Hay una gran incongruencia en los grupos que ésta semana se han manifestado en las plazas públicas y en desplegados en los periódicos, ya que por un lado luchan contra una reforma que lo único que busca es ampliar las libertades ciudadanas, y ejercen precisamente la libertad de expresión y de libre asociación para pretender que nazca muerta la reforma, por pretender continuar haciendo del Estado el único Dios al cual han sido fieles durante más de un siglo, inspirados por la rabia hereditaria de batallas contadas a modo, pretendiendo quienes se oponen a la misma, pasar facturas como si se tratase de un remedio homeopático, socavar una libertad con otra, a tal grado de incongruencia, por ello es imperante elevar el debate público de escenarios que no existen en la sociedad moderna a aquellos en los que prácticamente toda democracia moderna enmarca y reconoce este derecho fundamental.

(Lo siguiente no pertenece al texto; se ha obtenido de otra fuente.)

lemma block_operator_coordinate_le_I_Phi:
  assumes \<Phi>: "orlicz_function \<Phi>" and E: "disjoint_family E" "\<And>n. E n \<in> sets M"
    and u: "0 \<le> u n" and large: "1 \<le> ennreal (\<Phi> (u n)) * emeasure M (E n)"
    and k: "0 < k" "1 \<le> k * \<bar>z n\<bar>"
  shows "ennreal (k * \<bar>z n\<bar>) \<le> I_Phi M \<Phi> (\<lambda>t. k * block_operator E u z t)"
proof -
  let ?m = "k * \<bar>z n\<bar>"
  have "ennreal ?m \<le> ennreal ?m * (ennreal (\<Phi> (u n)) * emeasure M (E n))"
    using mult_left_mono[OF large, of "ennreal ?m"] by simp
  also have "\<dots> = ennreal (?m * \<Phi> (u n)) * emeasure M (E n)"
    using k orlicz_function_nonneg[OF \<Phi>] by (simp add: ennreal_mult mult.assoc)
  also have "\<dots> \<le> ennreal (\<Phi> (?m * u n)) * emeasure M (E n)"
    by (intro mult_right_mono ennreal_leI orlicz_function_superlinear[OF \<Phi> k(2)]) simp
  also have "\<Phi> (?m * u n) = \<Phi> (k * (z n * u n))"
    using orlicz_function_abs[OF \<Phi>, of "k * (z n * u n)"] k u by (simp add: abs_mult mult.assoc)
  also have "ennreal (\<Phi> (k * (z n * u n))) * emeasure M (E n) \<le> I_Phi M \<Phi> (\<lambda>t. k * block_operator E u z t)"
    by (rule I_Phi_block_operator_ge_term[OF \<Phi> E])
  finally show ?thesis .
qed
lemma sum_list_less_of_nth_le:
  fixes t t0 :: "nat list"
  assumes len: "length t = length t0" and le: "\<forall>i<length t. t ! i \<le> t0 ! i" and "t \<noteq> t0"
  shows "sum_list t < sum_list t0"
proof -
  have sums: "sum_list t = (\<Sum>i<length t. t ! i)" "sum_list t0 = (\<Sum>i<length t. t0 ! i)"
    using len by (simp_all add: sum_list_sum_nth atLeast0LessThan)
  have "(\<Sum>i<length t. t ! i) \<le> (\<Sum>i<length t. t0 ! i)"
    using le by (intro sum_mono) simp
  moreover have "(\<Sum>i<length t. t ! i) \<noteq> (\<Sum>i<length t. t0 ! i)"
  proof
    assume eq: "(\<Sum>i<length t. t ! i) = (\<Sum>i<length t. t0 ! i)"
    have "t ! i = t0 ! i" if "i < length t" for i
      by (rule sum_mono_inv[OF eq]) (use le that in auto)
    with len have "t = t0"
      by (intro nth_equalityI) auto
    with \<open>t \<noteq> t0\<close> show False ..
  qed
  ultimately show ?thesis
    unfolding sums by linarith
qed

lemma triangular_system_trivial:
  fixes c :: "'b \<Rightarrow> 'a::field" and w :: "'b \<Rightarrow> nat"
  assumes "finite S"
    and sum: "\<And>s. s \<in> S \<Longrightarrow> (\<Sum>t\<in>S. c t * P s t) = 0"
    and diag: "\<And>s. s \<in> S \<Longrightarrow> P s s \<noteq> 0"
    and lower: "\<And>s t. s \<in> S \<Longrightarrow> t \<in> S \<Longrightarrow> t \<noteq> s \<Longrightarrow> P s t \<noteq> 0 \<Longrightarrow> w t < w s"
  shows "\<forall>s\<in>S. c s = 0"
proof -
  have "c s = 0" if "s \<in> S" "w s = m" for s m
    using that
  proof (induction m arbitrary: s rule: less_induct)
    case (less m)
    have "c t * P s t = 0" if "t \<in> S - {s}" for t
      using less.IH[of "w t" t] lower[of s t] less.prems that by auto
    then have "(\<Sum>t\<in>S. c t * P s t) = c s * P s s"
      using \<open>finite S\<close> less.prems(1) by (simp add: sum.remove[of S s] sum.neutral)
    with sum[OF less.prems(1)] diag[OF less.prems(1)] show "c s = 0"
      by simp
  qed
  then show ?thesis
    by blast
qed

definition chain_unit :: "nat \<Rightarrow> nat list \<Rightarrow> nat \<Rightarrow> 'a::zero_neq_one mat" where
  "chain_unit n g i = mat_unit n (psum g i) (psum g (Suc i)) 1"

definition word_coeff :: "nat list \<Rightarrow> nat list \<Rightarrow> (nat \<Rightarrow> nat \<Rightarrow> 'a::field) \<Rightarrow> 'a" where
  "word_coeff g t D = (\<Prod>i<length g. \<Prod>j\<in>block t i. D j (psum g (Suc i)) - D j 0)"

lemma foldl_lie_br_chain_blocks:
  assumes "\<forall>x\<in>set g. 0 < x" "sum_list g < n" "r \<le> length g"
  shows "foldl lie_br (mat_unit n 0 0 1)
           (concat (map (\<lambda>i. chain_unit n g i # map (\<lambda>j. mat_diag n (D j)) [psum t i..<psum t (Suc i)])
              [0..<r]))
       = mat_unit n 0 (psum g r)
           (\<Prod>i<r. \<Prod>j\<in>block t i. D j (psum g (Suc i)) - D j 0)"
  using assms(3)
proof (induction r)
  case (Suc r)
  have "psum g r < n" "psum g (Suc r) < n"
    using psum_le_sum_list[of g] assms(2) by (auto intro: le_less_trans)
  moreover have "psum g (Suc r) \<noteq> 0"
    using psum_strict_mono[OF assms(1), of 0 "Suc r"] Suc.prems by simp
  ultimately show ?case
    using Suc by (simp add: chain_unit_def lie_br_mat_unit_mat_unit foldl_lie_br_mat_diag block_def
        prod.distinct_set_conv_list[symmetric] mult.commute)
qed simp

lemma lnc_word_chain_unit:
  assumes "\<forall>x\<in>set g. 0 < x" "sum_list g < n" "g \<noteq> []" "length t = length g"
  shows "lnc (word (chain_unit n g) (\<lambda>j. mat_diag n (D j)) t) = mat_unit n 0 (sum_list g) (word_coeff g t D)"
proof -
  let ?blocks = "\<lambda>i. chain_unit n g i # map (\<lambda>j. mat_diag n (D j)) [psum t i..<psum t (Suc i)]"
  have word: "word (chain_unit n g) (\<lambda>j. mat_diag n (D j)) t = concat (map ?blocks [0..<length g])"
    using assms(4) by (simp add: word_eq_blocks)
  then obtain rest where rest: "word (chain_unit n g) (\<lambda>j. mat_diag n (D j)) t = chain_unit n g 0 # rest"
    using assms(3) by (cases g) (auto simp: upt_rec)
  \<comment> \<open>Since the first chain unit is \<open>e(0, p)\<close> with \<open>p > 0\<close>, bracketing \<open>e(0, 0)\<close> with it returns it unchanged.\<close>
  have "lie_br (mat_unit n 0 0 1) (chain_unit n g 0) = (chain_unit n g 0 :: 'a mat)"
    using psum_strict_mono[OF assms(1), of 0 1] psum_le_sum_list[of g 1] assms(2,3)
      lie_br_mat_unit_mat_unit[of 0 n 0 "psum g 1" "1::'a" 1]
    by (simp add: chain_unit_def Suc_le_eq)
  then have "lnc (word (chain_unit n g) (\<lambda>j. mat_diag n (D j)) t)
      = foldl lie_br (mat_unit n 0 0 1) (concat (map ?blocks [0..<length g]))"
    using rest word by simp
  also have "\<dots> = mat_unit n 0 (sum_list g) (word_coeff g t D)"
    using foldl_lie_br_chain_blocks[OF assms(1,2) order_refl] by (simp add: word_coeff_def)
  finally show ?thesis .
qed

definition probe :: "nat list \<Rightarrow> nat list \<Rightarrow> nat \<Rightarrow> nat \<Rightarrow> 'a::zero_neq_one" where
  "probe g t0 j a = (if \<exists>r<length g. j \<in> block t0 r \<and> a = psum g (Suc r) then 1 else 0)"
(* Let $N$ be a nontrivial normal subgroup of $G_2$. If $\phi(N)\simeq A_8$, then $N=L$, where $L$ is the set of elements of $G_2$ expressible as a word of even length in the generators $u,d,f,b,l,r$ and their inverses.
   Context: The $2\times2\times2$ Rubik's cube consists of 8 corner cubelets, each carrying 3 colored stickers. Corner positions are numbered 1 = top-front-left, 2 = top-front-right, 3 = top-back-left, 4 = top-back-right, 5 = bottom-front-left, 6 = bottom-front-right, 7 = bottom-back-left, 8 = bottom-back-right. $G_2$ is the subgroup of the symmetric group on the 24 stickers generated by the six moves $u,d,f,b,l,r$ rotating respectively the top, bottom, front, back, left, right layer of four cubelets by $90^\circ$ clockwise as seen from outside facing that face. $\phi:G_2\to S_8$ records the permutation of corner positions. *)

theory Defs
  imports "HOL-Algebra.Algebra"
begin

text \<open>Coordinates: x = +1 right / -1 left,
  y = +1 back / -1 front, z = +1 top / -1 bottom. A corner position is a vector
  in {-1,1}^3; a sticker is a pair (p, m) of a corner position p and the outward
  unit normal m of the face it lies on.\<close>

type_synonym vec3 = "int \<times> int \<times> int"
type_synonym sticker = "vec3 \<times> vec3"

definition dot3 :: "vec3 \<Rightarrow> vec3 \<Rightarrow> int" where
  "dot3 a b = (case a of (a1,a2,a3) \<Rightarrow> case b of (b1,b2,b3) \<Rightarrow> a1*b1 + a2*b2 + a3*b3)"

definition cross3 :: "vec3 \<Rightarrow> vec3 \<Rightarrow> vec3" where
  "cross3 a b = (case a of (a1,a2,a3) \<Rightarrow> case b of (b1,b2,b3) \<Rightarrow>
      (a2*b3 - a3*b2, a3*b1 - a1*b3, a1*b2 - a2*b1))"

definition scal3 :: "int \<Rightarrow> vec3 \<Rightarrow> vec3" where
  "scal3 c a = (case a of (a1,a2,a3) \<Rightarrow> (c*a1, c*a2, c*a3))"
(* Let $\mathcal K_\bullet,\mathcal K_\circ\in\mathbb K$ with $\mathcal K_\circ\in\mathrm{refine}(\mathcal K_\bullet)$. Then every $v\in L^2(\Gamma)$ satisfies $$(J_\circ-J_\bullet)v\in\mathrm{span}\big\{\bar R_{\circ,i,p}:\ i\in\{1-p+o,\dots,N_\circ-p-1\},\ \mathrm{supp}(\bar R_{\circ,i,p})\cap\widetilde{\mathcal N}_{\circ\setminus\bullet}\ne\emptyset\big\},$$ where $\widetilde{\mathcal N}_{\circ\setminus\bullet}:=(\mathcal N_\circ\setminus\mathcal N_\bullet)\cup\{z\in\mathcal N_\circ\cap\mathcal N_\bullet:\#_\circ z>\#_\bullet z\}$.
   Context: Geometry: $\Omega\subset\mathbb R^2$ is a bounded simply connected Lipschitz domain with piecewise smooth boundary, $\Gamma\subseteq\partial\Omega$ is connected with Lipschitz relative boundary. Either $\Gamma=\partial\Omega$ (closed case), parametrized by a continuous, piecewise continuously differentiable $\gamma:[a,b]\to\Gamma$ with $\gamma(a)=\gamma(b)$ and $\gamma|_{[a,b)}$ bijective, or $\Gamma\subsetneq\partial\Omega$ (open case), parametrized by a bijective continuous piecewise $C^1$ map $\gamma:[a,b]\to\Gamma$; the one-sided derivatives satisfy $\gamma^{\prime_\ell}(t)\neq0$ for $t\in(a,b]$, $\gamma^{\prime_r}(t)\ne0$ for $t\in[a,b)$, and $\gamma^{\prime_\ell}(t)+c\gamma^{\prime_r}(t)\ne0$ for all $c>0$ (for $t\in[a,b]$ in the closed, $t\in(a,b)$ in the open case). Write $\gamma^{-1}:=(\gamma|_{[a,b)})^{-1}$. Set $o=0$ in the closed and $o=1$ in the open case. Fix $p\in\mathbb N$. Knot vectors: a knot vector $\mathcal K_\bullet$ consists of parameter nodes $a=\hat z_0<\dots<\hat z_n=b$ such that $\gamma$ is $C^1$ on each $[\hat z_{j-1},\hat z_j]$, with multiplicities $\#_\bullet\in\{1,\dots,p\}$ at interior nodes and $p+1$ at $\hat z_0,\hat z_n$; the nodes are $\mathcal N_\bullet=\{\gamma(\hat z_j)\}$, multiplicities transfer to them, and $N_\bullet=\sum_{j=1}^n\#_\bullet\hat z_j$. The mesh $\mathcal T_\bullet$ consists of elements $T_j=\gamma([\hat z_{j-1},\hat z_j])$; $\hat\kappa_\bullet=\max\{|\gamma^{-1}(T)|/|\gamma^{-1}(T')|:T,T'\in\mathcal T_\bullet,T\cap T'\ne\emptyset\}$. The parameter knots $(t_{\bullet,i})$ list $\hat z_1,\dots,\hat z_n$ (closed case, $i=1,\dots,N_\bullet$) resp. $\hat z_0,\dots,\hat z_n$ (open case, $i=-p,\dots,N_\bullet$) increasingly, each repeated according to its multiplicity; they are extended to $(t_{\bullet,i})_{i\in\mathbb Z}$, nondecreasing, with $t_{\bullet,-p}=\dots=t_{\bullet,0}=a$, $t_{\bullet,i}\to\pm\infty$, the extension outside $(a,b]$ being the same for all knot vectors. A fixed initial knot vector $\mathcal K_0$ and $\hat\kappa_{\max}\ge1$ are given; $\mathbb K$ is the set of knot vectors with $\hat\kappa_\bullet\le\hat\kappa_{\max}$ obtained from $\mathcal K_0$ by dyadic bisections of elements in the parameter domain and multiplicity increases. $\mathcal K_\circ\in\mathrm{refine}(\mathcal K_\bullet)$ means $\mathcal N_\bullet\subseteq\mathcal N_\circ$, $\#_\bullet z\le\#_\circ z$ for $z\in\mathcal N_\bullet$, and every $T\in\mathcal T_\circ$ lies in some $T'\in\mathcal T_\bullet$ with $|\gamma^{-1}(T')|=2^j|\gamma^{-1}(T)|$, $j\in\mathbb N_0$. B-splines: $\hat B_{\bullet,i,0}=\chi_{[t_{\bullet,i-1},t_{\bullet,i})}$, $\hat B_{\bullet,i,q}=\beta_{\bullet,i-1,q}\hat B_{\bullet,i,q-1}+(1-\beta_{\bullet,i,q})\hat B_{\bullet,i+1,q-1}$, $\beta_{\bullet,i,q}(t)=(t-t_{\bullet,i})/(t_{\bullet,i+q}-t_{\bullet,i})$ if $t_{\bullet,i}\neq t_{\bullet,i+q}$, else $0$. Weights/NURBS: given initial weights $w_{0,i}>0$, $i=1-p,\dots,N_0-p$, with $w_{0,1-p}=w_{0,N_0-p}$, let $\hat w=\sum_{k=1-p}^{N_0-p}w_{0,k}\hat B_{0,k,p}|_{[a,b]}$; for $\mathcal K_\bullet\in\mathbb K$ the weights $w_{\bullet,i}$, $i=1-p,\dots,N_\bullet-p$, are the unique coefficients with $\hat w=\sum_k w_{\bullet,k}\hat B_{\bullet,k,p}$ on $[a,b]$. Set $\hat R_{\bullet,i,p}=w_{\bullet,i}\hat B_{\bullet,i,p}/\hat w$, $R_{\bullet,i,p}=\hat R_{\bullet,i,p}\circ\gamma^{-1}$, $\bar R_{\bullet,1-p,p}=R_{\bullet,1-p,p}+R_{\bullet,N_\bullet-p,p}$ and $\bar R_{\bullet,i,p}=R_{\bullet,i,p}$ for $i\neq1-p$. $\mathcal X_\bullet=\mathrm{span}\{\bar R_{\bullet,i,p}:i=1-p+o,\dots,N_\bullet-p-1\}$. Scott–Zhang operator: for each $\mathcal K_\bullet$ and $i\in\{1-p,\dots,N_\bullet-p\}$ let $\hat B^*_{\bullet,i,p}=\hat B^*(\cdot\,|\,t_{\bullet,i-1},\dots,t_{\bullet,i+p})\in L^2(a,b)$ be dual functions determined by a fixed rule from the knots $t_{\bullet,i-1},\dots,t_{\bullet,i+p}$ only, with support $[t_{\bullet,i-1},t_{\bullet,i+p}]$ and $\int_a^b\hat B^*_{\bullet,i,p}\hat B_{\bullet,j,p}\,dt=\delta_{ij}$. Let $\hat R^*_{\bullet,i,p}=\hat B^*_{\bullet,i,p}\hat w/w_{\bullet,i}$ and $J_\bullet v=\sum_{i=1-p+o}^{N_\bullet-p-1}\alpha_{\bullet,i}(v)\bar R_{\bullet,i,p}$ with $\alpha_{\bullet,1-p}(v)=\int_a^b\frac12(\hat R^*_{\bullet,1-p,p}+\hat R^*_{\bullet,N_\bullet-p,p})\,v\circ\gamma\,dt$ and $\alpha_{\bullet,i}(v)=\int_a^b\hat R^*_{\bullet,i,p}\,v\circ\gamma\,dt$ for $i\neq1-p$. *)

theory Defs
  imports "HOL-Analysis.Analysis"
begin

Es increíble el cinismo de algún senador de la República, cuando en sus primeras declaraciones respecto al tema, airoso reclamaba que este no es un tema que polariza y que no es de importancia para los mexicanos y hablo de cinismo porque el mismo es egresado de una escuela de inspiración religiosa, (y por cierto la reforma en nada toca el artículo tercero constitucional como falsamente se ha dicho) y si no nos creen revisemos su currícula, y así de muchos legisladores y hombres públicos de México, el problema estriba en que parte es la ambigüedad histórica que se ha vivido en este país, en el que una cosa es lo que se dice y otra lo que se hace, somos por naturaleza un país religioso, lo somos desde nuestras raíces indígenas más profundas, lo somos desde nuestro mestizaje más arraigado, seguir negándolo es la peor obsolescencia de nuestros tiempos.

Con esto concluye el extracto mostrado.